Thursday, March 8, 2012

Turned Inside Out

Scott Bradley

Buddhism speaks of a "turning about" in its efforts to describe the experience of 'awakening'. Suddenly, everything is perceived differently. I often sense it as getting "turned inside out". I don't mean to imply that I am in any way 'awakened', but only that, in considering the implications of that other way of being in the world as suggested by philosophical Daoism, I sense how it is so radically different from the 'normal' way of preceding as to constitute a complete overturning of normalcy.

"Turning inside out" appeals to me as a metaphor because it suggests the absolute openness and vulnerability required of the heart that harmonizes with things.
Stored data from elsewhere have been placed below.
(* Let Assumptions (A) hold, $\ell>0$, $T>0$, $a\in\mathbb R_+$, and let $S$ be the solution of $\frac{d}{dt}S=A_\ell(S)$ with some $S(0)\in\mathbb R_+$. For $(x_0,\eta)\in\mathcal H^s\times C([0,T];\mathcal H^s)$ let $x=\mathcal J_1(x_0,\eta)$ be the solution of $x(t)=x_0+\int_0^tF(x(v))D_\ell(S(v))\,dv+\eta(t)$, and for $(\mathfrak S_0,w)\in\mathbb R_+\times C([0,T];\mathbb R)$ let $\mathfrak S=\mathcal J_2(\mathfrak S_0,w)$ be the solution of $\mathfrak S(t)=\mathfrak S_0+\int_0^t\tilde A_\ell(\mathfrak S(v))\,dv+a\,w(t)$. Then $\mathcal J_1:\mathcal H^s\times C([0,T];\mathcal H^s)\to C([0,T];\mathcal H^s)$ and $\mathcal J_2:\mathbb R_+\times C([0,T];\mathbb R)\to C([0,T];\mathbb R)$ are continuous (path spaces with the uniform topology).
   Context: $\mathcal H$, $\mathcal C$, $\phi_j$, $\lambda_j^2$, $\mathcal H^r$ with $\|x\|_r^2=\sum_jj^{2r}\langle x,\phi_j\rangle^2$ as usual, $(\mathcal H^s)^*\cong\mathcal H^{-s}$; $F(z)=-z-\mathcal C\nabla\Psi(z)$. Assumptions (A): (1) $\lambda_j\asymp j^{-\kappa}$, $\kappa>1/2$; (2) $\Psi:\mathcal H^s\to\mathbb R$ defined everywhere, $s\in[0,\kappa-1/2)$; (3) $0\le\Psi(x)\lesssim1+\|x\|_s^2$; (4) $\|\nabla\Psi(x)\|_{-s}\lesssim1+\|x\|_s$, $\|\partial^2\Psi(x)\|_{\mathcal L(\mathcal H^s,\mathcal H^{-s})}\lesssim1$. With $\Phi$ the standard normal cdf: for $x>0$, $D_\ell(x)=2\ell^2e^{\ell^2(x-1)}\Phi(\ell(1-2x)/\sqrt{2x})$, $\Gamma_\ell(x)=D_\ell(x)+2\ell^2\Phi(-\ell/\sqrt{2x})$, $A_\ell(x)=-2xD_\ell(x)+\Gamma_\ell(x)$; at $0$ all equal $2\ell^2e^{-\ell^2}$. $\tilde A_\ell:\mathbb R\to\mathbb R$ is an extension of $A_\ell$ to the negative half-line: $\tilde A_\ell=A_\ell$ on $[0,\infty)$, $\tilde A_\ell=1$ on $(-\infty,-1/2]$, and on $(-1/2,0)$ it smoothly interpolates between these values, being strictly positive for all $x<1$ and satisfying $|\tilde A_\ell(x)-\tilde A_\ell(y)|\lesssim(1+|x|)|x-y|$. *)

theory Defs
  imports "HOL-Probability.Probability"
begin

text \<open>Coordinates: an element x of the Hilbert space H is represented by its
coefficients (x j) = <x, phi_(j+1)> with respect to the eigenbasis of C
(index shift: Isabelle index j corresponds to paper index j+1).\<close>

type_synonym hvec = "nat \<Rightarrow> real"

definition in_Hs :: "real \<Rightarrow> hvec \<Rightarrow> bool" where
  "in_Hs r x \<longleftrightarrow> summable (\<lambda>j. real (Suc j) powr (2 * r) * (x j)\<^sup>2)"

definition hs_norm :: "real \<Rightarrow> hvec \<Rightarrow> real" where
  "hs_norm r x = sqrt (\<Sum>j. real (Suc j) powr (2 * r) * (x j)\<^sup>2)"

definition pairing :: "hvec \<Rightarrow> hvec \<Rightarrow> real" where
  "pairing g h = (\<Sum>j. g j * h j)"

definition Phi :: "real \<Rightarrow> real" where
  "Phi x = (LINT t:{..x}|lborel. std_normal_density t)"

definition D_l :: "real \<Rightarrow> real \<Rightarrow> real" where
  "D_l l x = (if x = 0 then 2 * l\<^sup>2 * exp (- l\<^sup>2)
     else 2 * l\<^sup>2 * exp (l\<^sup>2 * (x - 1)) * Phi (l * (1 - 2 * x) / sqrt (2 * x)))"

definition Gamma_l :: "real \<Rightarrow> real \<Rightarrow> real" where
  "Gamma_l l x = (if x = 0 then 2 * l\<^sup>2 * exp (- l\<^sup>2)
     else D_l l x + 2 * l\<^sup>2 * Phi (- l / sqrt (2 * x)))"

definition A_l :: "real \<Rightarrow> real \<Rightarrow> real" where
  "A_l l x = (if x = 0 then 2 * l\<^sup>2 * exp (- l\<^sup>2)
     else - 2 * x * D_l l x + Gamma_l l x)"

text \<open>The drift F(z) = -z - C grad Psi(z) in coordinates, where C phi_j = lambda_j^2 phi_j.\<close>
definition F_drift :: "(nat \<Rightarrow> real) \<Rightarrow> (hvec \<Rightarrow> hvec) \<Rightarrow> hvec \<Rightarrow> hvec" where
  "F_drift lam gradPsi z = (\<lambda>j. - z j - (lam j)\<^sup>2 * gradPsi z j)"

definition cont_path_Hs :: "real \<Rightarrow> real \<Rightarrow> (real \<Rightarrow> hvec) \<Rightarrow> bool" where
  "cont_path_Hs r T f \<longleftrightarrow> (\<forall>t\<in>{0..T}. in_Hs r (f t)) \<and>
     (\<forall>t\<in>{0..T}. \<forall>e>0. \<exists>d>0. \<forall>u\<in>{0..T}. \<bar>u - t\<bar> < d \<longrightarrow> hs_norm r (f u - f t) < e)"

definition sup_dist_Hs :: "real \<Rightarrow> real \<Rightarrow> (real \<Rightarrow> hvec) \<Rightarrow> (real \<Rightarrow> hvec) \<Rightarrow> real" where
  "sup_dist_Hs r T f g = (SUP t\<in>{0..T}. hs_norm r (f t - g t))"

definition sup_dist_R :: "real \<Rightarrow> (real \<Rightarrow> real) \<Rightarrow> (real \<Rightarrow> real) \<Rightarrow> real" where
  "sup_dist_R T f g = (SUP t\<in>{0..T}. \<bar>f t - g t\<bar>)"

definition bounded_op_Hs :: "real \<Rightarrow> real \<Rightarrow> (hvec \<Rightarrow> hvec) \<Rightarrow> bool" where
  "bounded_op_Hs r K L \<longleftrightarrow>
     (\<forall>h k a b. in_Hs r h \<longrightarrow> in_Hs r k \<longrightarrow> L (\<lambda>j. a * h j + b * k j) = (\<lambda>j. a * L h j + b * L k j)) \<and>
     (\<forall>h. in_Hs r h \<longrightarrow> in_Hs (-r) (L h) \<and> hs_norm (-r) (L h) \<le> K * hs_norm r h)"

end

theory Submission
  imports Defs "HOL-Real_Asymp.Real_Asymp"
begin

text \<open>Both maps are solution maps of integral equations x t = x0 + int_0^t g v (x v) dv + eta t in a
  Banach space, with g v Lipschitz uniformly in v. In the weighted sup norm sup_t exp(-2Lt) |x t| the
  Picard map is a contraction of ratio 1/2, which gives a solution; the same computation bounds the
  distance of two solutions by 2 exp(2LT) times the distance of their data, which gives uniqueness and
  continuity.

  For J1 one works in l2 via the isometry H^s = l2. The drift is Lipschitz there: grad Psi is Lipschitz
  from H^s to H^-s by the mean value theorem and the bound on the Hessian, and C maps H^-s boundedly
  into H^s because lambda_j^2 j^2s <= j^(2s - 2 kappa) <= j^-2s.

  For J2 the coefficient tA is only locally Lipschitz, but solutions obey a priori bounds: tA is
  bounded above, and it is positive below 1, so S - a w cannot drop below min S0 (1/2 - a sup |w|).
  Truncating tA outside these bounds therefore changes no solution.\<close>

section \<open>Integral equations in Banach spaces\<close>

lemma exp_scaled_has_integral:
  fixes L t :: real assumes "L > 0" "t \<ge> 0"
  shows "((\<lambda>v. exp (2*L * v)) has_integral ((exp (2*L * t) - 1) / (2*L))) {0..t}"
proof -
  have "((\<lambda>v. exp (2*L * v)) has_integral ((\<lambda>v. exp (2*L * v)/(2*L)) t - (\<lambda>v. exp (2*L * v)/(2*L)) 0)) {0..t}"
    using assms
    by (intro fundamental_theorem_of_calculus)
      (auto intro!: derivative_eq_intros simp: has_real_derivative_iff_has_vector_derivative[symmetric])
  then show ?thesis by (simp add: diff_divide_distrib)
qed

lemma norm_integral_diff_le_exp:
  fixes g :: "real \<Rightarrow> 'a::banach \<Rightarrow> 'a"
  assumes L: "L > 0" and t: "0 \<le> t"
    and lip: "\<And>v. v\<in>{0..t} \<Longrightarrow> norm (g v (p v) - g v (q v)) \<le> L * norm (p v - q v)"
    and ip: "(\<lambda>v. g v (p v)) integrable_on {0..t}"
    and iq: "(\<lambda>v. g v (q v)) integrable_on {0..t}"
    and m: "\<And>v. v\<in>{0..t} \<Longrightarrow> norm (p v - q v) \<le> m * exp (2*L * v)"
  shows "norm (integral {0..t} (\<lambda>v. g v (p v)) - integral {0..t} (\<lambda>v. g v (q v))) \<le> m * (exp (2*L * t) - 1) / 2"
proof -
  have hi: "((\<lambda>v. (L*m) * exp (2*L * v)) has_integral (L*m) * ((exp (2*L * t) - 1) / (2*L))) {0..t}"
    by (rule has_integral_mult_right, rule exp_scaled_has_integral[OF L t])
  have "norm (integral {0..t} (\<lambda>v. g v (p v)) - integral {0..t} (\<lambda>v. g v (q v)))
      = norm (integral {0..t} (\<lambda>v. g v (p v) - g v (q v)))"
    using integral_diff[OF ip iq] by simp
  also have "\<dots> \<le> integral {0..t} (\<lambda>v. (L*m) * exp (2*L * v))"
  proof (rule integral_norm_bound_integral)
    show "(\<lambda>v. g v (p v) - g v (q v)) integrable_on {0..t}" using ip iq by (rule integrable_diff)
    show "(\<lambda>v. L * m * exp (2 * L * v)) integrable_on {0..t}" using hi by blast
    fix v assume v: "v \<in> {0..t}"
    have "norm (g v (p v) - g v (q v)) \<le> L * norm (p v - q v)" using lip[OF v] .
    also have "\<dots> \<le> L * (m * exp (2*L * v))" using m[OF v] L by (intro mult_left_mono) auto
    finally show "norm (g v (p v) - g v (q v)) \<le> L * m * exp (2 * L * v)" by simp
  qed
  also have "\<dots> = (L*m) * ((exp (2*L * t) - 1) / (2*L))" using hi by (rule integral_unique)
  also have "\<dots> = m * (exp (2*L * t) - 1) / 2" using L by (simp add: field_simps)
  finally show ?thesis .
qed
Openness is not opening a door into oneself, but the demolition of the entire edifice which separates one from the world.

I write this on the heels of a post considering what it means that, right now in this very moment, I am unconditionally and precisely the fullness of what I can be. There is nothing I need become. To even play about on the periphery of what this means is to get a sense of an entirely different way of living. To truly realize this would be to be utterly transformed in terms of experience. It would be to be turned inside out.

This likewise applies to most every "spiritual" insight one might wish to embrace; if it is "spiritual" it is ultimately revolutionary, which is to say, transformational.

The spirit of Daoism turns most every human inclination on its head. This is because humanity has meandered into the cul-de-sac of egoic identity. All we do is largely determined by the perception of ourselves as apart. Not only does self require that all else be ‘other’, but self itself becomes other to itself. Alienation is not separation from the world, but from oneself.

If Daoism is redemptive, however, it is not so at the expense of human inclinations; it is not negation. What it proposes is simply ‘more’. It is an invitation to a more inclusive, ‘higher’ point of view in which these inclinations find fuller, more fruitful expression. It is an invitation to transcend the cul-de-sac of self-centeredness and to re-integrate into the Whole. Yet, here again, more is less, though less is All.

You can check out Scott's other miscellaneous writings here.

1 comment:

  1. Akin to "discovery" ie "not seeking new landscapes but having new eyes" (Proust, M)... Was it T.S. Eliot who said about "finding yourself where you began & knowing it for the first time"?